# Well, what do you know.



## Jeffriesw (Sep 24, 2010)

Wow, a whole brand new room or two, Hey where is everybody at?
Why do I hear an echo?


----------



## Jeff57 (Sep 24, 2010)

I was wondering who would be first to post.  I barely have time to keep up with the spiritual discussion forum, what will I do now?


----------



## Israel (Sep 24, 2010)

interesting


----------



## Jeffriesw (Sep 24, 2010)

Remarkable


----------



## Jeffriesw (Sep 24, 2010)

Be careful what'cha ask for, you just might get it,



chirp chirp chirp


----------



## Huntinfool (Sep 24, 2010)

Swamp Runner said:


> Be careful what'cha ask for, you just might get it,
> 
> 
> 
> chirp chirp chirp



Amen my brotha....amen to that.


----------



## apoint (Sep 24, 2010)

Im lost.


----------



## Jeffriesw (Sep 24, 2010)

apoint said:


> Im lost.



No your not , Just temporarily discombobulated.


----------



## apoint (Sep 24, 2010)

Swamp Runner said:


> No your not , Just temporarily discombobulated.



 Thanks I feel better already!


----------



## vanguard1 (Sep 24, 2010)

cool room


----------



## Lowjack (Sep 24, 2010)

Helloooooo ! What an echo, LOL


----------



## formula1 (Sep 24, 2010)

*Re:*

Just found out. Praise the Lord.


----------



## christianhunter (Sep 25, 2010)

I like it.


----------



## ronpasley (Sep 25, 2010)

Jesus Saves


----------



## Jeffriesw (Sep 25, 2010)

ronpasley said:


> Jesus Saves



Amen!!!!!!!!!!!


----------



## Jeff57 (Sep 25, 2010)

Swamp Runner said:


> No your not , Just temporarily discombobulated.

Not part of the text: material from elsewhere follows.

(* For $n\in\mathbb Z_{>0}$, the differential algebra map $\mathrm{Pr}^{PV}_n:\mathcal W(\mathfrak{gl}_{T=n})\to\mathcal W^{Adl}(\mathfrak{gl}_n)$ defined by $\mathrm{Pr}^{PV}_n(u_{-n+i,T=n})=u_{-n+i}$ for $0\le i\le n-1$ and $\mathrm{Pr}^{PV}_n(u_{-n+i,T=n})=0$ for $i\ge n$ is a surjective morphism of Poisson vertex algebras. Moreover, let $\mathrm{Inv}^{PV}_n:\mathcal W^{Adl}(\mathfrak{gl}_n)\to\mathcal W(\mathfrak{gl}_{T=n})$ be the differential algebra section $u_{-n+i}\mapsto u_{-n+i,T=n}$; then for fixed $i_0,j_0\in\mathbb Z_{\ge0}$ and all sufficiently large $n$, $$\mathrm{Inv}^{PV}_n(\{u_{-n+i_0\,\lambda}u_{-n+j_0}\})=\{u_{-n+i_0,T=n\,\lambda}u_{-n+j_0,T=n}\}.$$
   Context: Pseudodifferential symbols over a differential algebra: $\sum_{m\le N}a_m\partial^{\beta+m}$ multiplied via $\partial^{\beta_1+k}\circ(a\partial^{\beta_2+m})=\sum_{j\ge0}\binom{\beta_1+k}{j}\partial^j(a)\partial^{\beta_1+\beta_2+k+m-j}$. For monic $L=\partial^\beta+\sum_{i\in I_\beta}w_i\partial^{-1-i}$, $I_\beta=\{-\beta+k:k\ge0\}$, set $H^{(L)}_{ij}(\partial)f=\mathrm{Res}_\partial\big(((L\partial^if)_+L-L(\partial^ifL)_+)\circ\partial^j\big)$ ($(\cdot)_+$ nonnegative-power part, $\mathrm{Res}_\partial$ coefficient of $\partial^{-1}$); $L$ is of Adler type if $\{w_{i\,\lambda}w_j\}=H^{(L)}_{ji}(\lambda)$. $\mathcal W(\mathfrak{gl}_{T=n})$ is the differential polynomial algebra over $\mathbb C$ in $u_{-n+i,T=n}$, $i\ge0$, with the PVA structure making $L_{T=n}=\partial^n+\sum_{i\ge0}u_{-n+i,T=n}\partial^{n-1-i}$ (a pseudodifferential symbol) of Adler type. $\mathcal W^{Adl}(\mathfrak{gl}_n)$ is the differential polynomial algebra in $u_{-n},\dots,u_{-1}$ with the PVA structure making the differential operator $L_n=\partial^n+u_{-n}\partial^{n-1}+\dots+u_{-1}$ of Adler type (the classical $\mathcal W$-algebra of $\mathfrak{gl}_n$ with the second Adler–Gelfand–Dickey bracket). *)

theory Defs
  imports Complex_Main "HOL-Library.Poly_Mapping" "HOL-Computational_Algebra.Polynomial"
begin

Been a long time since I saw anyone use discombobulated.  The younger generation is going


----------



## gordon 2 (Sep 25, 2010)

The echo is re-verb?


----------



## Jeffriesw (Sep 25, 2010)

Jeff57 said:


> Been a long time since I saw anyone use discombobulated.  The younger generation is going



Yeah, when I use words like that I guess I am dating myself a bit. Oh well, I earned my grey head


----------